I hope this figure provides some intuition that such an oracle can be useful. Now let us quantify how much this DSVP oracle helps us. Recall that in the primal SVP reduction we used Minkowski’s theorem to bound the length of the first vector. Since we are now applying the SVP algorithm to the dual, it should come as no surprise that we will use Minkowski’s theorem on the dual lattice, which tells us that \[\lambda_1(\widehat{\Lambda}) \leq \sqrt{\gamma_n} \det(\widehat{\Lambda})^{1/n} = \sqrt{\gamma_n} \det(\Lambda)^{-1/n}\] where \(\widehat{\Lambda}\) is the dual lattice, i.e. the lattice generated by the dual basis. Furthermore, by exploiting above fact that for basis \({\mathbf{B}}\) and its dual \({\mathbf{D}}\) we have \(\| {\mathbf{b}}_n^* \| = \|{\mathbf{d}}_n \|^{-1}\), this shows that if \({\mathbf{B}}\) is DSVP reduced, i.e. \({\mathbf{d}}_n\) is a shortest vector in the dual lattice, then \[\| {\mathbf{b}}_n^* \| = \|{\mathbf{d}}_n \|^{-1} = \lambda_1(\widehat{\Lambda})^{-1} \geq \frac{\det(\Lambda)^{1/n}}{\sqrt{\gamma_n}}.\] So after we’ve applied the DSVP oracle to a projected block \({\mathbf{B}}_{[i-k+1,i]}\), we have \[\|{\mathbf{b}}^*_i \| \geq \frac{\left(\prod_{j = i-k+1}^{i} \|{\mathbf{b}}_j^* \| \right)^{1/k}}{\sqrt{\gamma_{k}}}.\]

# Slide Reduction

Now we have all the tools we need to describe slide reduction [GN08]. One of the major hurdles to apply an LLL-style running time analysis to BKZ seems to be that the projected subblocks considered in that algorithm are maximally overlapping.

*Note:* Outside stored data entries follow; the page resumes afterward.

lemma quartic_plus_one_winding_sum_quadrant_triangle:
  assumes "R > 2"
  shows "(\<Sum>z | poly quartic_plus_one z = 0.
            winding_number (quadrant_triangle R) z * of_nat (order z quartic_plus_one)) = 1"
proof -
  have "x^4 + 1 > (0::real)" if "x \<ge> 0" for x
    using that by (simp add: add_nonneg_pos)
  then have axes: "poly quartic_plus_one (of_real x) \<noteq> 0" "poly quartic_plus_one (\<i> * of_real x) \<noteq> 0"
    if "x \<ge> 0" for x
    using that unfolding poly_quartic_plus_one_axes of_real_eq_0_iff by force+
  have "2 * cmod z < R" if "poly quartic_plus_one z = 0" for z
  proof -
    have "z^4 = -1"
      using that by (simp add: poly_quartic_plus_one eq_neg_iff_add_eq_0)
    then have "cmod z ^ 4 = 1"
      by (metis norm_power norm_minus_cancel norm_one)
    then have "cmod z = 1"
      using power_eq_iff_eq_base[of 4 "cmod z" 1] by simp
    with assms show ?thesis by simp
  qed
  with assms axes show ?thesis
    by (simp add: poly_roots_winding_sum_quadrant_triangle quartic_plus_one_first_quadrant_root_count)
qed

lemma zero_notin_segment_quartic_plus_one_quadrant_triangle:
  fixes p :: "complex poly"
  assumes "R \<ge> 0"
    and real_axis: "\<And>x. x \<ge> 0 \<Longrightarrow> poly p (of_real x) \<notin> \<real>\<^sub>\<le>\<^sub>0"
    and imag_axis: "\<And>y. y \<ge> 0 \<Longrightarrow> poly p (\<i> * of_real y) \<notin> \<real>\<^sub>\<le>\<^sub>0"
    and dominant: "\<And>z. R \<le> 2 * cmod z \<Longrightarrow>
                     cmod (poly p z - poly quartic_plus_one z) < cmod (poly quartic_plus_one z)"
    and "w \<in> path_image (quadrant_triangle R)"
  shows "0 \<notin> closed_segment (poly quartic_plus_one w) (poly p w)"
  using assms(1,5)
proof (cases rule: quadrant_triangle_boundary_cases)
  case (real_axis x)
  then show ?thesis
    using assms(2) zero_notin_closed_segment_pos_real[of "x^4 + 1"]
    by (simp add: poly_quartic_plus_one_axes add_nonneg_pos)
next
  case (imag_axis y)
  then show ?thesis
    using assms(3) zero_notin_closed_segment_pos_real[of "y^4 + 1"]
    by (simp add: poly_quartic_plus_one_axes add_nonneg_pos)
next
  case hypotenuse
  then have "R \<le> 2 * cmod w"
    using complex_Re_le_cmod[of w] abs_le_D1[OF abs_Im_le_cmod[of w]] by simp
  then show ?thesis
    by (intro zero_notin_closed_segment_if_norm_diff_less dominant)
qed

lemma poly_monic_quartic_constant_one:
  fixes p :: "complex poly"
  assumes "degree p = 4" "lead_coeff p = 1" "coeff p 0 = 1"
  shows "poly p z = z^4 + coeff p 3 * z^3 + coeff p 2 * z^2 + coeff p 1 * z + 1"
  using assms by (simp add: poly_altdef eval_nat_numeral atMost_Suc algebra_simps)

lemma quartic_first_quadrant_root_count:
  fixes p :: "complex poly"
  assumes "degree p = 4" "lead_coeff p = 1" "coeff p 0 = 1"
    and real_axis: "\<And>x. x \<ge> 0 \<Longrightarrow> poly p (of_real x) \<notin> \<real>\<^sub>\<le>\<^sub>0"
    and imag_axis: "\<And>y. y \<ge> 0 \<Longrightarrow> poly p (\<i> * of_real y) \<notin> \<real>\<^sub>\<le>\<^sub>0"
  shows "(\<Sum>z | poly p z = 0 \<and> Re z > 0 \<and> Im z > 0. order z p) = 1"
proof -
  define S where "S = cmod (coeff p 3) + cmod (coeff p 2) + cmod (coeff p 1)"
  define R where "R = 2 * (S + 2)"
  have "S \<ge> 0" unfolding S_def by simp
  then have "R > 2" unfolding R_def by simp
  have dominant: "cmod (poly p z - poly quartic_plus_one z) < cmod (poly quartic_plus_one z)"
    if "R \<le> 2 * cmod z" for z
  proof -
    have "poly p z - poly quartic_plus_one z = coeff p 3 * z^3 + coeff p 2 * z^2 + coeff p 1 * z"
      by (simp add: poly_quartic_plus_one poly_monic_quartic_constant_one[OF assms(1-3)])
    with that show ?thesis
      using norm_lower_terms_less_norm_quartic[of "coeff p 3" "coeff p 2" "coeff p 1" z]
      by (simp add: R_def S_def poly_quartic_plus_one)
  qed
  have p_small: "2 * cmod z < R" if "poly p z = 0" for z
    using dominant[of z] that by fastforce
  have p_axes: "poly p (of_real x) \<noteq> 0" "poly p (\<i> * of_real x) \<noteq> 0" if "x \<ge> 0" for x
    using real_axis[OF that] imag_axis[OF that] by (metis nonpos_Reals_zero_I)+
  have "p \<noteq> 0" "quartic_plus_one \<noteq> 0"
    using assms(1) poly_quartic_plus_one[of 0] by auto
  have "of_nat (\<Sum>z | poly p z = 0 \<and> Re z > 0 \<and> Im z > 0. order z p) =
          (\<Sum>z | poly p z = 0. winding_number (quadrant_triangle R) z * of_nat (order z p))"
    using \<open>R > 2\<close> p_axes p_small by (simp add: poly_roots_winding_sum_quadrant_triangle)
  also have "\<dots> = (\<Sum>z | poly quartic_plus_one z = 0.
                     winding_number (quadrant_triangle R) z * of_nat (order z quartic_plus_one))"
    using \<open>R > 2\<close> \<open>p \<noteq> 0\<close> \<open>quartic_plus_one \<noteq> 0\<close> real_axis imag_axis dominant
    by (intro poly_roots_winding_sum_linear_eq[symmetric]
        zero_notin_segment_quartic_plus_one_quadrant_triangle) simp_all
  also have "\<dots> = 1"
    using \<open>R > 2\<close> by (rule quartic_plus_one_winding_sum_quadrant_triangle)
  finally show ?thesis by (simp only: of_nat_eq_1_iff)
qed

lemma coeff_qpoly:
  "coeff (qpoly \<alpha> \<beta> \<epsilon>) 0 = 1" "coeff (qpoly \<alpha> \<beta> \<epsilon>) 4 = 1"
  "n > 4 \<Longrightarrow> coeff (qpoly \<alpha> \<beta> \<epsilon>) n = 0"
  by (simp_all add: qpoly_def coeff_monom)

lemma degree_qpoly: "degree (qpoly \<alpha> \<beta> \<epsilon>) = 4"
  using coeff_qpoly by (intro order.antisym degree_le le_degree) auto

lemma poly_qpoly_scaled:
  "poly (qpoly \<alpha> \<beta> \<epsilon>) z =
     z^4 + of_real (4 / (\<beta> + \<epsilon>)) * z * (of_real (2 + \<epsilon>) * (z^2 + 1) + \<alpha> * (z^2 - 1))
     + of_real (2 * (16 - \<beta> + 3 * \<epsilon>) / (\<beta> + \<epsilon>)) * z^2 + 1"
  by (simp add: poly_qpoly)

lemma poly_qpoly_real_axis:
  fixes a1 a2 b e x :: real
  defines "k \<equiv> 4 / (b + e)" and "c \<equiv> 2 * (16 - b + 3 * e) / (b + e)"
  shows "poly (qpoly (of_real a1 - \<i> * of_real a2) b e) (of_real x) =
     of_real (x^4 + k * x * ((2 + e) * (x^2 + 1) + a1 * (x^2 - 1)) + c * x^2 + 1)
     + \<i> * of_real (- k * x * a2 * (x^2 - 1))"
  unfolding poly_qpoly_scaled k_def[symmetric] c_def[symmetric]
  unfolding of_real_add of_real_mult of_real_power of_real_diff of_real_1 of_real_numeral of_real_minus
  by algebra

lemma poly_qpoly_imag_axis:
  fixes a1 a2 b e y :: real
  defines "k \<equiv> 4 / (b + e)" and "c \<equiv> 2 * (16 - b + 3 * e) / (b + e)"
  shows "poly (qpoly (of_real a1 - \<i> * of_real a2) b e) (\<i> * of_real y) =
     of_real (y^4 - c * y^2 + 1 - k * y * a2 * (1 + y^2))
     + \<i> * of_real (k * y * ((2 + e) * (1 - y^2) - a1 * (1 + y^2)))"
proof -
  have "\<i> * \<i> = -1" by simp
  then show ?thesis
    unfolding poly_qpoly_scaled k_def[symmetric] c_def[symmetric]
    unfolding of_real_add of_real_mult of_real_power of_real_diff of_real_1 of_real_numeral
    by algebra
qed

lemma qpoly_real_axis_notin_nonpos_Reals:
  fixes a1 a2 b e x :: real
  assumes "e \<ge> 0" "b + e > 0" "a2 > 0" "x \<ge> 0"
  shows "poly (qpoly (of_real a1 - \<i> * of_real a2) b e) (of_real x) \<notin> \<real>\<^sub>\<le>\<^sub>0"
proof
  define k where "k = 4 / (b + e)"
  define c where "c = 2 * (16 - b + 3 * e) / (b + e)"
  assume "poly (qpoly (of_real a1 - \<i> * of_real a2) b e) (of_real x) \<in> \<real>\<^sub>\<le>\<^sub>0"
  then have re: "x^4 + k * x * ((2 + e) * (x^2 + 1) + a1 * (x^2 - 1)) + c * x^2 + 1 \<le> 0"
    and im: "k * x * a2 * (x^2 - 1) = 0"
    unfolding poly_qpoly_real_axis complex_nonpos_Reals_iff k_def c_def by simp_all
  have "k > 0" unfolding k_def using assms(2) by simp
  with im assms(3,4) have "x = 0 \<or> x = 1"
    by (auto simp: power2_eq_1_iff)
  then show False
  proof
    assume "x = 1"
    have "k * (b + e) = 4" "c * (b + e) = 2 * (16 - b + 3 * e)"
      unfolding k_def c_def using assms(2) by (simp_all add: field_simps)
    moreover have "(2 + k * (2 * (2 + e)) + c) * (b + e) =
                     2 * (b + e) + 2 * (2 + e) * (k * (b + e)) + c * (b + e)"
      by (simp add: algebra_simps)
    ultimately have "(2 + k * (2 * (2 + e)) + c) * (b + e) > 0"
      using assms(1) by simp
    then have "2 + k * (2 * (2 + e)) + c > 0"
      using assms(2) zero_less_mult_pos2 by blast
    with re \<open>x = 1\<close> show False by (simp add: algebra_simps)
  qed (use re in simp)
qed

lemma qpoly_imag_axis_notin_nonpos_Reals:
  fixes a1 a2 b e y :: real
  assumes "e \<ge> 0" "b + e > 0" "a1 > 2 + e" "y \<ge> 0"
  shows "poly (qpoly (of_real a1 - \<i> * of_real a2) b e) (\<i> * of_real y) \<notin> \<real>\<^sub>\<le>\<^sub>0"
proof
  define k where "k = 4 / (b + e)"
  define c where "c = 2 * (16 - b + 3 * e) / (b + e)"
  assume "poly (qpoly (of_real a1 - \<i> * of_real a2) b e) (\<i> * of_real y) \<in> \<real>\<^sub>\<le>\<^sub>0"
  then have re: "y^4 - c * y^2 + 1 - k * y * a2 * (1 + y^2) \<le> 0"
    and im: "k * y * ((2 + e) * (1 - y^2) - a1 * (1 + y^2)) = 0"
    unfolding poly_qpoly_imag_axis complex_nonpos_Reals_iff k_def c_def by simp_all
  show False
  proof (cases "y = 0")
    case False
    have "(2 + e) * (1 - y^2) \<le> (2 + e) * (1 + y^2)"
      using assms(1) by (intro mult_left_mono) simp_all
    also have "\<dots> < a1 * (1 + y^2)"
      using assms(3) by (intro mult_strict_right_mono) (simp_all add: add_pos_nonneg)
    finally have "(2 + e) * (1 - y^2) - a1 * (1 + y^2) \<noteq> 0" by simp
    moreover have "k \<noteq> 0" unfolding k_def using assms(2) by simp
    ultimately show False using im False by simp
  qed (use re in simp)
qed

lemma qpoly_first_quadrant_root_count:
  fixes a1 a2 b e :: real
  assumes "e \<ge> 0" "b + e > 0" "a1 > 2 + e" "a2 > 0"
  shows "(\<Sum>z | poly (qpoly (of_real a1 - \<i> * of_real a2) b e) z = 0 \<and> Re z > 0 \<and> Im z > 0.
            order z (qpoly (of_real a1 - \<i> * of_real a2) b e)) = 1"
  using assms
  by (intro quartic_first_quadrant_root_count degree_qpoly coeff_qpoly
      qpoly_real_axis_notin_nonpos_Reals qpoly_imag_axis_notin_nonpos_Reals)
     (simp_all add: degree_qpoly coeff_qpoly)

theorem mainTheorem10:
  fixes M a \<mu> :: real and m :: int and n l :: nat
  assumes "M > 0" and "0 < a" and "a < M" and "\<mu> > 0" and "m \<noteq> 0"
    and "l \<ge> nat \<bar>m\<bar>"
    and "alpha1 M a \<mu> m > 2 + epsK M a"
    and "0 < betaK M \<mu> l" and "betaK M \<mu> l < 8 + epsK M a"
  shows "(\<Sum>z\<in>{z. poly (qpoly (complex_of_real (alpha1 M a \<mu> m) - \<i> * complex_of_real (alpha2 M a \<mu> n))
                              (betaK M \<mu> l) (epsK M a)) z = 0 \<and> Re z > 0 \<and> Im z > 0}.
            order z (qpoly (complex_of_real (alpha1 M a \<mu> m) - \<i> * complex_of_real (alpha2 M a \<mu> n))
                              (betaK M \<mu> l) (epsK M a))) = 1"
proof (rule qpoly_first_quadrant_root_count)
  have "a^2 < M^2" using assms(2,3) by (intro power_strict_mono) simp_all
  with \<open>M > 0\<close> have "sqrt (1 - a^2 / M^2) > 0" by simp
  then show "epsK M a \<ge> 0" and "alpha2 M a \<mu> n > 0"
    unfolding epsK_def alpha2_def using assms(1,4) by simp_all
  with \<open>0 < betaK M \<mu> l\<close> show "betaK M \<mu> l + epsK M a > 0" by simp
qed fact

end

So slide reduction takes a different route: it applies primal and dual SVP reduction to minimally overlapping subblocks, which allows to still prove nice bounds on the output quality (in fact, even better than BKZ), but also on the running time via a generalization of the LLL analysis. More specifically, let \({\mathbf{B}}\) be the given lattice basis of an \(n\)-dimensional lattice and \(k\) be the blocksize. We require that \(k\) divides \(n\). (We’ll come back to that restriction later.) Instead of applying our given SVP oracle to successive projected subblocks, we apply it to *disjoint* projected subblocks, i.e. to the blocks \({\mathbf{B}}_{[1,k]}\), \({\mathbf{B}}_{[k+1,2k]}\), etc. So we locally minimize the GSO vectors \({\mathbf{b}}^*_{ik + 1}\) for \(i \in \{0,\cdots,n/k – 1\}\). (Technically, we iterate this step with a subsequent LLL reduction until there is no more change, which is important for the runtime analysis, but let’s ignore this for now). So now we have a basis where these disjoint projected subblocks are SVP-reduced. In the next step we shift the blocks by 1 and apply our DSVP oracle to them. (Note that the last block now extends beyond the basis, so we ignore this block.) This has the effect of locally maximizing the vectors \({\mathbf{b}}^*_{ik + 1}\) for \(i \in \{1,\cdots,n/k – 1\}\). This might seem counter-intuitive at first, but note that the optimization context for \({\mathbf{b}}^*_{ik + 1}\) changes between the SVP reduction and the DSVP reduction: \({\mathbf{b}}^*_{ik + 1}\) is first minimized with respect to the block \({\mathbf{B}}_{[ik+1,(i+1)k]}\) and then maximized with respect to the block \({\mathbf{B}}_{[(i-1)k+1,ik+1]}\). So one can view this as using the block \({\mathbf{B}}_{[ik+2, (i+1)k]}\) as a pivot to lower the ratio between the lengths of the GSO vectors \({\mathbf{b}}^*_{ik+1}\) and \({\mathbf{b}}^*_{(i+1)k+1}\). This view is reminiscent of the proof of Mordell’s inequality \(\gamma_n^{\frac{1}{n-1}} \leq \gamma_{n-1}^{\frac{1}{n-2}}\), which explains the title of the paper [GN08]. The idea of slide reduction is to simply iterate these two steps until there is no more change.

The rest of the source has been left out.